[Stored data]

* * *

definition ore_mult :: "('a::field poly \<Rightarrow> 'a poly) \<Rightarrow> ('a poly \<Rightarrow> 'a poly) \<Rightarrow> 'a poly poly \<Rightarrow> 'a poly poly \<Rightarrow> 'a poly poly" where
  "ore_mult \<sigma> \<delta> P Q = (\<Sum>i\<le>degree P. smult (coeff P i) ((ore_xmul \<sigma> \<delta> ^^ i) Q))"

definition centralizer :: "('a::field poly \<Rightarrow> 'a poly) \<Rightarrow> ('a poly \<Rightarrow> 'a poly) \<Rightarrow> 'a poly poly \<Rightarrow> 'a poly poly set" where
  "centralizer \<sigma> \<delta> P = {Q. ore_mult \<sigma> \<delta> P Q = ore_mult \<sigma> \<delta> Q P}"

text \<open>The K-subalgebra of S generated by a set G (K embedded as constants [:[:c:]:];
  scalar multiplication by c is multiplication by this constant).\<close>
inductive_set alg_gen :: "('a::field poly \<Rightarrow> 'a poly) \<Rightarrow> ('a poly \<Rightarrow> 'a poly) \<Rightarrow> 'a poly poly set \<Rightarrow> 'a poly poly set"
  for \<sigma> \<delta> G where
  const: "[:[:c:]:] \<in> alg_gen \<sigma> \<delta> G"
| gen: "g \<in> G \<Longrightarrow> g \<in> alg_gen \<sigma> \<delta> G"
| add: "a \<in> alg_gen \<sigma> \<delta> G \<Longrightarrow> b \<in> alg_gen \<sigma> \<delta> G \<Longrightarrow> a + b \<in> alg_gen \<sigma> \<delta> G"
| mult: "a \<in> alg_gen \<sigma> \<delta> G \<Longrightarrow> b \<in> alg_gen \<sigma> \<delta> G \<Longrightarrow> ore_mult \<sigma> \<delta> a b \<in> alg_gen \<sigma> \<delta> G"

end

theory Submission
  imports Defs
begin

text \<open>Multiplication in \<open>S\<close> adds degrees in \<open>x\<close>, the leading coefficient of \<open>A B\<close> being
  \<open>lc(A) \<sigma>\<^sup>a(lc(B))\<close> with \<open>a = deg A\<close>. If \<open>Q\<close> and \<open>T\<close> of equal degree commute with \<open>P\<close> of
  degree \<open>n\<close>, comparing leading terms of \<open>PQ = QP\<close> and \<open>PT = TP\<close> shows that \<open>q = lc(Q)\<close> and
  \<open>t = lc(T)\<close> satisfy \<open>q(h) t = t(h) q\<close> for \<open>h = \<sigma>\<^sup>n(y)\<close>; as \<open>deg h > 1\<close>, this forces \<open>q\<close> to
  be a scalar multiple of \<open>t\<close>. Hence an element of \<open>C(P)\<close> can be reduced in degree by
  subtracting a scalar multiple of \<open>P\<^sup>k R\<close>, where \<open>R \<in> C(P)\<close> has minimal degree in its residue
  class modulo \<open>n\<close>. So \<open>P\<close> together with one such \<open>R\<close> for each nonzero residue generates \<open>C(P)\<close>.\<close>

locale ore_extension =
  fixes \<sigma> \<delta> :: "'a::field poly \<Rightarrow> 'a poly"
  assumes sigma_endo: "K_alg_endo \<sigma>" and delta_derivation: "sigma_derivation \<sigma> \<delta>"
begin

abbreviation xmul :: "'a poly poly \<Rightarrow> 'a poly poly" where "xmul \<equiv> ore_xmul \<sigma> \<delta>"
abbreviation omult :: "'a poly poly \<Rightarrow> 'a poly poly \<Rightarrow> 'a poly poly" where "omult \<equiv> ore_mult \<sigma> \<delta>"
abbreviation cent :: "'a poly poly \<Rightarrow> 'a poly poly set" where "cent \<equiv> centralizer \<sigma> \<delta>"
abbreviation gen :: "'a poly poly set \<Rightarrow> 'a poly poly set" where "gen \<equiv> alg_gen \<sigma> \<delta>"

lemma sigma_add: "\<sigma> (p + q) = \<sigma> p + \<sigma> q"
  and sigma_mult: "\<sigma> (p * q) = \<sigma> p * \<sigma> q"
  and sigma_const: "\<sigma> [:c:] = [:c:]"
  using sigma_endo by (simp_all add: K_alg_endo_def)
lemma pmf_entropy_infection_given_seeds:
  assumes "0 \<le> q1" "q1 \<le> 1" "0 \<le> q2" "q2 \<le> 1"
  shows "pmf_entropy (map_pmf (infection_state n s) (trans_pmf n comm q1 q2))
    = (\<Sum>u<n. if s u then 0
              else hb (1 - (1 - q1) ^ seeds_within n comm s (comm u)
                         * (1 - q2) ^ seeds_outside n comm s (comm u)))"
proof -
  have "hb (pmf (map_pmf (infected_by n s u) (incoming_pmf n comm q1 q2 u)) True)
      = (if s u then 0 else hb (1 - (1 - q1) ^ seeds_within n comm s (comm u)
                                  * (1 - q2) ^ seeds_outside n comm s (comm u)))" for u
  proof (cases "s u")
    case True
    then have "map_pmf (infected_by n s u) (incoming_pmf n comm q1 q2 u) = return_pmf True"
      by (simp add: infected_by_def map_pmf_const cong: map_pmf_cong)
    then show ?thesis
      using True by (simp add: hb_def)
  qed (simp add: assms pmf_infected_by)
  then show ?thesis
    unfolding infection_state_eq_Pi_pmf by (simp add: pmf_entropy_Pi_pmf pmf_entropy_bool)
qed

lemma sum_nonseeds_by_community:
  fixes f :: "nat \<Rightarrow> real"
  assumes "valid_partition n m k comm"
  shows "(\<Sum>u<n. if s u then 0 else f (comm u))
       = (\<Sum>j<m. real (k - seeds_within n comm s j) * f j)"
proof -
  have comm_lt: "\<forall>v<n. comm v < m" and card_comm: "\<And>j. j < m \<Longrightarrow> card {v. v < n \<and> comm v = j} = k"
    using assms unfolding valid_partition_def by auto
  have "(\<Sum>u<n. if s u then 0 else f (comm u))
      = (\<Sum>j<m. \<Sum>u\<in>{v. v \<in> {..<n} \<and> comm v = j}. if s u then 0 else f (comm u))"
    by (rule sum.group[symmetric]) (use comm_lt in auto)
  also have "\<dots> = (\<Sum>j<m. real (k - seeds_within n comm s j) * f j)"
  proof (rule sum.cong[OF refl])
    fix j assume j: "j \<in> {..<m}"
    define C where "C = {v. v < n \<and> comm v = j}"
    have "{u\<in>C. \<not> s u} = C - {v. v < n \<and> comm v = j \<and> s v}"
      by (auto simp: C_def)
    then have "card {u\<in>C. \<not> s u} = card C - seeds_within n comm s j"
      unfolding seeds_within_def by (simp add: card_Diff_subset C_def Collect_mono)
    then have "card {u\<in>C. \<not> s u} = k - seeds_within n comm s j"
      using card_comm j by (simp add: C_def)
    moreover have "(\<Sum>u\<in>C. if s u then 0 else f (comm u)) = (\<Sum>u\<in>{u\<in>C. \<not> s u}. f j)"
      by (subst sum.inter_filter) (auto simp: C_def intro!: sum.cong)
    ultimately show "(\<Sum>u\<in>{v. v \<in> {..<n} \<and> comm v = j}. if s u then 0 else f (comm u))
        = real (k - seeds_within n comm s j) * f j"
      by (simp add: C_def)
  qed
  finally show ?thesis .
qed

lemma seed_counts_binomial:
  assumes "valid_partition n m k comm" and "j < m" and "0 \<le> p" "p \<le> 1"
  shows "map_pmf (\<lambda>s. (seeds_within n comm s j, seeds_outside n comm s j)) (seed_pmf n p)
       = pair_pmf (binomial_pmf k p) (binomial_pmf (n - k) p)"
proof -
  define A where "A = {v. v < n \<and> comm v = j}"
  define B where "B = {v. v < n \<and> comm v \<noteq> j}"
  let ?coins = "\<lambda>C. Pi_pmf C False (\<lambda>_. bernoulli_pmf p)"
  have fin: "finite A" "finite B" and disj: "A \<inter> B = {}" and union: "{..<n} = A \<union> B"
    by (auto simp: A_def B_def)
  have card_A: "card A = k"
    using assms(1,2) unfolding valid_partition_def A_def by auto
  moreover have "card A + card B = n"
    using card_Un_disjoint[OF fin disj] union by (metis card_lessThan)
  ultimately have card_B: "card B = n - k" by simp
  have "seed_pmf n p = map_pmf (\<lambda>(f, g) x. if x \<in> A then f x else g x) (pair_pmf (?coins A) (?coins B))"
    unfolding seed_pmf_def union by (rule Pi_pmf_union[OF fin disj])
  moreover have "{v. v < n \<and> comm v = j \<and> (if v \<in> A then f v else g v)} = {v\<in>A. f v}"
    and "{v. v < n \<and> comm v \<noteq> j \<and> (if v \<in> A then f v else g v)} = {v\<in>B. g v}" for f g
    by (auto simp: A_def B_def)
  ultimately have "map_pmf (\<lambda>s. (seeds_within n comm s j, seeds_outside n comm s j)) (seed_pmf n p)
      = map_pmf (\<lambda>(f, g). (card {v\<in>A. f v}, card {v\<in>B. g v})) (pair_pmf (?coins A) (?coins B))"
    by (simp add: pmf.map_comp o_def case_prod_unfold seeds_within_def seeds_outside_def)
  also have "\<dots> = pair_pmf (map_pmf (\<lambda>f. card {v\<in>A. f v}) (?coins A))
                          (map_pmf (\<lambda>g. card {v\<in>B. g v}) (?coins B))"
    by (rule map_pair)
  also have "\<dots> = pair_pmf (binomial_pmf k p) (binomial_pmf (n - k) p)"
    using assms(3,4) fin card_A card_B by (simp add: binomial_pmf_altdef'[symmetric])
  finally show ?thesis .
qed
(* Let $\kappa$ be the critical scale and $S=S_\kappa$ the output of algorithm StochKnap (any parameter $C>0$). If $\mathcal A$ is any adaptive policy that selects items only from $N\setminus S$ and has cost at most $B$, then $\Pr[R(\mathcal A)<\kappa]\ge1-\epsilon$. In particular, for every adaptive policy on $N$ of cost at most $B$ selecting the random set $O$, $\Pr[R(O\setminus S)\ge\kappa]\le\epsilon$.
   Context: Algorithm StochKnap$(N,c,R,B,\epsilon)$ with parameter $C>0$: $N$ is a finite set of items, item $i$ has cost $c(i)>0$ and a nonnegative random reward $R(i)$, rewards independent; $W\ge1$ is an integer with $\sum_{i\in N}\mathbb E[R(i)]\le W$; $B>0$, $\epsilon\in(0,1)$. Let $T=\{i\in N: c(i)\le B\}$ and $D=CB$. For $\tau>0$ let $r_\tau(i)=\mathbb E[\min\{R(i)/\tau,1\}]$. Order $T$ as $i_1,i_2,\ldots$ with $r_\tau(i_j)/c(i_j)$ nonincreasing. If $c(T)\ge D$, let $t$ be the smallest index with $\sum_{j\le t}c(i_j)\ge D$, set $S_\tau=\{i_1,\ldots,i_t\}$ and slope $s_\tau=r_\tau(i_t)/c(i_t)$; otherwise $S_\tau=T$, $s_\tau=0$. Scale $\tau$ is rich if $s_\tau>\epsilon/B$, poor otherwise. Scales $\mathcal G=\{2^\ell:\ell\in\mathbb Z,0\le\ell\le\lceil\log_2W\rceil\}$; critical scale $\kappa$ = smallest poor scale in $\mathcal G$ (assumed to exist); output $S=S_\kappa$. For a set $I$, $R(I)=\sum_{i\in I}R(i)$. An adaptive policy sequentially selects distinct items, each choice possibly depending on previously observed rewards and internal randomness independent of unselected rewards; cost at most $B$ means the selected items always have total cost at most $B$; $R(\mathcal A)$ is the total reward of selected items. *)

theory Defs
  imports "HOL-Probability.Probability"
begin

definition rtau :: "'w measure \<Rightarrow> ('i \<Rightarrow> 'w \<Rightarrow> real) \<Rightarrow> real \<Rightarrow> 'i \<Rightarrow> real" where
  "rtau M R \<tau> i = (\<integral>\<omega>. min (R i \<omega> / \<tau>) 1 \<partial>M)"

definition Tset :: "'i set \<Rightarrow> ('i \<Rightarrow> real) \<Rightarrow> real \<Rightarrow> 'i set" where
  "Tset N c B = {i \<in> N. c i \<le> B}"
lemma abs_tri_le_spectral_norm3:
  assumes "norm y = 1"
  shows "\<bar>tri T y y y\<bar> \<le> spectral_norm3 T"
  unfolding spectral_norm3_def
proof (rule cSup_upper)
  show "\<bar>tri T y y y\<bar> \<in> {\<bar>tinner T (tprod3 u1 u2 u3)\<bar> | u1 u2 u3. norm u1 = 1 \<and> norm u2 = 1 \<and> norm u3 = 1}"
    using assms by (auto simp: tinner_tprod3)
  show "bdd_above {\<bar>tinner T (tprod3 u1 u2 u3)\<bar> | u1 u2 u3. norm u1 = 1 \<and> norm u2 = 1 \<and> norm u3 = 1}"
    by (rule bdd_aboveI[where M="\<Sum>i\<in>UNIV. \<Sum>j\<in>UNIV. \<Sum>k\<in>UNIV. \<bar>T i j k\<bar>"])
       (auto simp: tinner_tprod3 intro!: tri_le_sum_abs)
qed

lemma tri_axis: "tri T (axis m 1) (axis m 1) (axis m 1) = T m m m"
proof -
  have "tri T (axis m 1) (axis m 1) (axis m 1) = (\<Sum>i\<in>UNIV. \<Sum>j\<in>UNIV. \<Sum>k\<in>UNIV.
      if k = m then (if j = m then (if i = m then T m m m else 0) else 0) else 0)"
    unfolding tri_def by (intro sum.cong refl) (simp add: axis_def)
  also have "\<dots> = T m m m" by simp
  finally show ?thesis .
qed

lemma spectral_norm3_pos:
  assumes "\<forall>i j k. T i j k > 0"
  shows "0 < spectral_norm3 T"
proof -
  fix m :: 'a
  have "T m m m \<le> spectral_norm3 T"
    using abs_tri_le_spectral_norm3[of "axis m 1" T] by (simp add: tri_axis)
  then show ?thesis using assms by (meson less_le_trans)
qed
(* Let $T=\bigoplus_{i=1}^{n-1}T_i$ be a basic maximal rigid object in $\mathcal{C}_n$ and $T_k$ one of its indecomposable summands. (i) Exactly $\operatorname{ql}T_k$ of the indecomposable summands of $T$ lie in $\mathcal{W}_{T_k}$. (ii) If $\operatorname{ql}T_k>1$, there is a subwing triple $(T_k;T_{k'},T_{k''})$ such that each of $T_{k'},T_{k''}$ is either a summand of $T$ or zero, all indecomposable summands of $T$ other than $T_k$ that lie in $\mathcal{W}_{T_k}$ lie in $\mathcal{W}_{T_{k'}}\cup\mathcal{W}_{T_{k''}}$, and exactly $\operatorname{ql}T_{k'}$ of them lie in $\mathcal{W}_{T_{k'}}$ and exactly $\operatorname{ql}T_{k''}$ lie in $\mathcal{W}_{T_{k''}}$.
   Context: Let $k$ be algebraically closed, $n\ge2$, $\mathcal{T}_n$ the tube of rank $n$ (finite-dimensional nilpotent representations of the cyclically oriented $\tilde A_{n-1}$-quiver; AR-translation $\tau$), $\mathcal{C}_n=D^b(\mathcal{T}_n)/\tau^{-1}[1]$ the cluster tube, with indecomposables identified with those of $\mathcal{T}_n$. Indecomposables have coordinates $(a,b)$, $a\in\mathbb{Z}/n$, $b\ge1$ the quasilength $\operatorname{ql}$, with $\tau(a,b)=(a-1,b)$ and irreducible maps $(a,b)\to(a,b+1)$ and $(a,b)\to(a+1,b-1)$. For $X=(a,i)$, $i\le n-1$, the wing $\mathcal{W}_X$ is $\{(a+s,i'):s\ge0,i'\ge1,s+i'\le i\}$; $\mathcal{W}_0=\emptyset$ and $\operatorname{ql}0=0$. $T$ is maximal rigid if $\operatorname{Ext}^1_{\mathcal{C}_n}(T,T)=0$ and $\operatorname{Ext}^1(T\oplus X,T\oplus X)=0$ implies $X\in\operatorname{add}T$; a basic maximal rigid object has $n-1$ pairwise non-isomorphic indecomposable summands, a unique one (the top summand) of quasilength $n-1$, and all lie in its wing. A non-degenerate subwing triple $(X;Y,Z)$: $X=(a,b)$ with $3\le b\le n-1$, $Y=(a,c)$, $Z=(a+c+1,b-c-1)$ for some $1\le c\le b-2$. A degenerate subwing triple $(X;Y,Z)$: $X=(a,b)$, $2\le b\le n-1$, and either $Y=(a,b-1)$, $Z=0$, or $Y=0$, $Z=(a+1,b-1)$. *)

theory Defs
  imports Main
begin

* * *

§ **Task details**
List every line above containing the word "definition".

§ **Response box**
definition ore_mult :: "('a::field poly \<Rightarrow> 'a poly) \<Rightarrow> ('a poly \<Rightarrow> 'a poly) \<Rightarrow> 'a poly poly \<Rightarrow> 'a poly poly \<Rightarrow> 'a poly poly" where
definition centralizer :: "('a::field poly \<Rightarrow> 'a poly) \<Rightarrow> ('a poly \<Rightarrow> 'a poly) \<Rightarrow> 'a poly poly \<Rightarrow> 'a poly poly set" where
definition rtau :: "'w measure \<Rightarrow> ('i \<Rightarrow> 'w \<Rightarrow> real) \<Rightarrow> real \<Rightarrow> 'i \<Rightarrow> real" where
definition Tset :: "'i set \<Rightarrow> ('i \<Rightarrow> real) \<Rightarrow> real \<Rightarrow> 'i set" where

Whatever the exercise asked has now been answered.